A word-for-word copy of the records below is required.

Collected data
════════════════════

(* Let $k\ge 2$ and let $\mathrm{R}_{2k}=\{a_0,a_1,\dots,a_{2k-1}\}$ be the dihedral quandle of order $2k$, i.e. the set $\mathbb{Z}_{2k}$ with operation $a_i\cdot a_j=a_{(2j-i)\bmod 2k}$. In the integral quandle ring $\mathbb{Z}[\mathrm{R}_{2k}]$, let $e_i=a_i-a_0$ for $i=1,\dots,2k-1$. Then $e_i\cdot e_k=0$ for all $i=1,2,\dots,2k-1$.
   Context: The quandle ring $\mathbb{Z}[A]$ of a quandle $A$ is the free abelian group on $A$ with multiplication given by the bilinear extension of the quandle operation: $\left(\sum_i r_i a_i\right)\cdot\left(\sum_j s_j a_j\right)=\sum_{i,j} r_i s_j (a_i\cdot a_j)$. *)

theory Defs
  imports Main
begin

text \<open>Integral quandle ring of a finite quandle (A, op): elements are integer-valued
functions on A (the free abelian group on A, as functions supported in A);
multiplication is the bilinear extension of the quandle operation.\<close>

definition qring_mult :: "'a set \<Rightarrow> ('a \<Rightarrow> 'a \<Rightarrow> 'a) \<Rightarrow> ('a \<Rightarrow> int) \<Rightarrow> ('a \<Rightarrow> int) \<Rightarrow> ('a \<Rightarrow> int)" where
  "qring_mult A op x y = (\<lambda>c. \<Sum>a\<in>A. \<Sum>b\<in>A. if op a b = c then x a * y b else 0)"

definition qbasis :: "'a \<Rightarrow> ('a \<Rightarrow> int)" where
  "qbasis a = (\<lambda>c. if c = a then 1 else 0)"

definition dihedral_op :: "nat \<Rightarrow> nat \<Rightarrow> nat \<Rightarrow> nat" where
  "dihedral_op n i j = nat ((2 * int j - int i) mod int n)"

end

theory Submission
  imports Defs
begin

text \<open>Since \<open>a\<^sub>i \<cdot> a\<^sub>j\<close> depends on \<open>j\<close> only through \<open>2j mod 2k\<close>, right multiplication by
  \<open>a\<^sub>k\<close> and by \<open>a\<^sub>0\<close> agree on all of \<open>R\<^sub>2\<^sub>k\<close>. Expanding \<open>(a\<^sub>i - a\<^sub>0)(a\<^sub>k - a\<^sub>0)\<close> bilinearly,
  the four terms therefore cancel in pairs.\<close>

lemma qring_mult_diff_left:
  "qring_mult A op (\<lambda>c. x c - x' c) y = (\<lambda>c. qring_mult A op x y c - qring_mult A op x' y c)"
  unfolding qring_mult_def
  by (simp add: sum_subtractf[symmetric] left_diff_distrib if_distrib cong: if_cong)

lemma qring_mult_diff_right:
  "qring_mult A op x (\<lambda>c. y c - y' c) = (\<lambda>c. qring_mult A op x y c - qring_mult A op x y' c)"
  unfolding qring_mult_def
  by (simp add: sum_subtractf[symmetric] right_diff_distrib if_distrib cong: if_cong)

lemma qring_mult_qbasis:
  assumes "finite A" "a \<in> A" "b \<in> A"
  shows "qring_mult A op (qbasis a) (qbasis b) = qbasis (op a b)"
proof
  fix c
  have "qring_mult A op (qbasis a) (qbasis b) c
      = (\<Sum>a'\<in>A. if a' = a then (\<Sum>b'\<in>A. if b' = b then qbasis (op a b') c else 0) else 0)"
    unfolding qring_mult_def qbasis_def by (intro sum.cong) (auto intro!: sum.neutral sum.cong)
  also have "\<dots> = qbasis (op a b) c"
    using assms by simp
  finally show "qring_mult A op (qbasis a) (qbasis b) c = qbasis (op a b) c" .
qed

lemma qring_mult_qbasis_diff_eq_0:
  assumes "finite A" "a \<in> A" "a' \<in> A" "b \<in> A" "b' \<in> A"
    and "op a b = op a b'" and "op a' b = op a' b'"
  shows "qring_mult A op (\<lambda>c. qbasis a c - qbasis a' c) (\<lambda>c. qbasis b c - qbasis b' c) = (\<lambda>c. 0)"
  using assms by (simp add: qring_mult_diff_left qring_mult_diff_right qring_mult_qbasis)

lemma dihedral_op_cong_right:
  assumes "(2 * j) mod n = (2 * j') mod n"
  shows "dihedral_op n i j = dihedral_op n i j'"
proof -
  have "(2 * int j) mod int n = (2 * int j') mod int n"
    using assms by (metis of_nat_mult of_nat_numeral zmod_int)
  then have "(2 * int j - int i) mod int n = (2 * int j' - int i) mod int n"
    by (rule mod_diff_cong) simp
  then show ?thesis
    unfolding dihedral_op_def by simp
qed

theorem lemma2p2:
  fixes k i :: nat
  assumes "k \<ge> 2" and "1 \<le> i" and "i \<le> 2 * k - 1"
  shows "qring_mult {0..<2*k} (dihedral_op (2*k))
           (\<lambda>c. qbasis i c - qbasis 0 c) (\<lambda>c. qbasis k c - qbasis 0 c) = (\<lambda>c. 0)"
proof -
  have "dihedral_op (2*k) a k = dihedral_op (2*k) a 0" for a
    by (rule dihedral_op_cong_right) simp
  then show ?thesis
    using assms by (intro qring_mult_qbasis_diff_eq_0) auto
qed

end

════════════════════

> [Solution to the problem]:
(* Let $k\ge 2$ and let $\mathrm{R}_{2k}=\{a_0,a_1,\dots,a_{2k-1}\}$ be the dihedral quandle of order $2k$, i.e. the set $\mathbb{Z}_{2k}$ with operation $a_i\cdot a_j=a_{(2j-i)\bmod 2k}$. In the integral quandle ring $\mathbb{Z}[\mathrm{R}_{2k}]$, let $e_i=a_i-a_0$ for $i=1,\dots,2k-1$. Then $e_i\cdot e_k=0$ for all $i=1,2,\dots,2k-1$.
   Context: The quandle ring $\mathbb{Z}[A]$ of a quandle $A$ is the free abelian group on $A$ with multiplication given by the bilinear extension of the quandle operation: $\left(\sum_i r_i a_i\right)\cdot\left(\sum_j s_j a_j\right)=\sum_{i,j} r_i s_j (a_i\cdot a_j)$. *)

theory Defs
  imports Main
begin

text \<open>Integral quandle ring of a finite quandle (A, op): elements are integer-valued
functions on A (the free abelian group on A, as functions supported in A);
multiplication is the bilinear extension of the quandle operation.\<close>

definition qring_mult :: "'a set \<Rightarrow> ('a \<Rightarrow> 'a \<Rightarrow> 'a) \<Rightarrow> ('a \<Rightarrow> int) \<Rightarrow> ('a \<Rightarrow> int) \<Rightarrow> ('a \<Rightarrow> int)" where
  "qring_mult A op x y = (\<lambda>c. \<Sum>a\<in>A. \<Sum>b\<in>A. if op a b = c then x a * y b else 0)"

definition qbasis :: "'a \<Rightarrow> ('a \<Rightarrow> int)" where
  "qbasis a = (\<lambda>c. if c = a then 1 else 0)"

definition dihedral_op :: "nat \<Rightarrow> nat \<Rightarrow> nat \<Rightarrow> nat" where
  "dihedral_op n i j = nat ((2 * int j - int i) mod int n)"

end

theory Submission
  imports Defs
begin

text \<open>Since \<open>a\<^sub>i \<cdot> a\<^sub>j\<close> depends on \<open>j\<close> only through \<open>2j mod 2k\<close>, right multiplication by
  \<open>a\<^sub>k\<close> and by \<open>a\<^sub>0\<close> agree on all of \<open>R\<^sub>2\<^sub>k\<close>. Expanding \<open>(a\<^sub>i - a\<^sub>0)(a\<^sub>k - a\<^sub>0)\<close> bilinearly,
  the four terms therefore cancel in pairs.\<close>

lemma qring_mult_diff_left:
  "qring_mult A op (\<lambda>c. x c - x' c) y = (\<lambda>c. qring_mult A op x y c - qring_mult A op x' y c)"
  unfolding qring_mult_def
  by (simp add: sum_subtractf[symmetric] left_diff_distrib if_distrib cong: if_cong)

lemma qring_mult_diff_right:
  "qring_mult A op x (\<lambda>c. y c - y' c) = (\<lambda>c. qring_mult A op x y c - qring_mult A op x y' c)"
  unfolding qring_mult_def
  by (simp add: sum_subtractf[symmetric] right_diff_distrib if_distrib cong: if_cong)

lemma qring_mult_qbasis:
  assumes "finite A" "a \<in> A" "b \<in> A"
  shows "qring_mult A op (qbasis a) (qbasis b) = qbasis (op a b)"
proof
  fix c
  have "qring_mult A op (qbasis a) (qbasis b) c
      = (\<Sum>a'\<in>A. if a' = a then (\<Sum>b'\<in>A. if b' = b then qbasis (op a b') c else 0) else 0)"
    unfolding qring_mult_def qbasis_def by (intro sum.cong) (auto intro!: sum.neutral sum.cong)
  also have "\<dots> = qbasis (op a b) c"
    using assms by simp
  finally show "qring_mult A op (qbasis a) (qbasis b) c = qbasis (op a b) c" .
qed

lemma qring_mult_qbasis_diff_eq_0:
  assumes "finite A" "a \<in> A" "a' \<in> A" "b \<in> A" "b' \<in> A"
    and "op a b = op a b'" and "op a' b = op a' b'"
  shows "qring_mult A op (\<lambda>c. qbasis a c - qbasis a' c) (\<lambda>c. qbasis b c - qbasis b' c) = (\<lambda>c. 0)"
  using assms by (simp add: qring_mult_diff_left qring_mult_diff_right qring_mult_qbasis)

lemma dihedral_op_cong_right:
  assumes "(2 * j) mod n = (2 * j') mod n"
  shows "dihedral_op n i j = dihedral_op n i j'"
proof -
  have "(2 * int j) mod int n = (2 * int j') mod int n"
    using assms by (metis of_nat_mult of_nat_numeral zmod_int)
  then have "(2 * int j - int i) mod int n = (2 * int j' - int i) mod int n"
    by (rule mod_diff_cong) simp
  then show ?thesis
    unfolding dihedral_op_def by simp
qed

theorem lemma2p2:
  fixes k i :: nat
  assumes "k \<ge> 2" and "1 \<le> i" and "i \<le> 2 * k - 1"
  shows "qring_mult {0..<2*k} (dihedral_op (2*k))
           (\<lambda>c. qbasis i c - qbasis 0 c) (\<lambda>c. qbasis k c - qbasis 0 c) = (\<lambda>c. 0)"
proof -
  have "dihedral_op (2*k) a k = dihedral_op (2*k) a 0" for a
    by (rule dihedral_op_cong_right) simp
  then show ?thesis
    using assms by (intro qring_mult_qbasis_diff_eq_0) auto
qed

end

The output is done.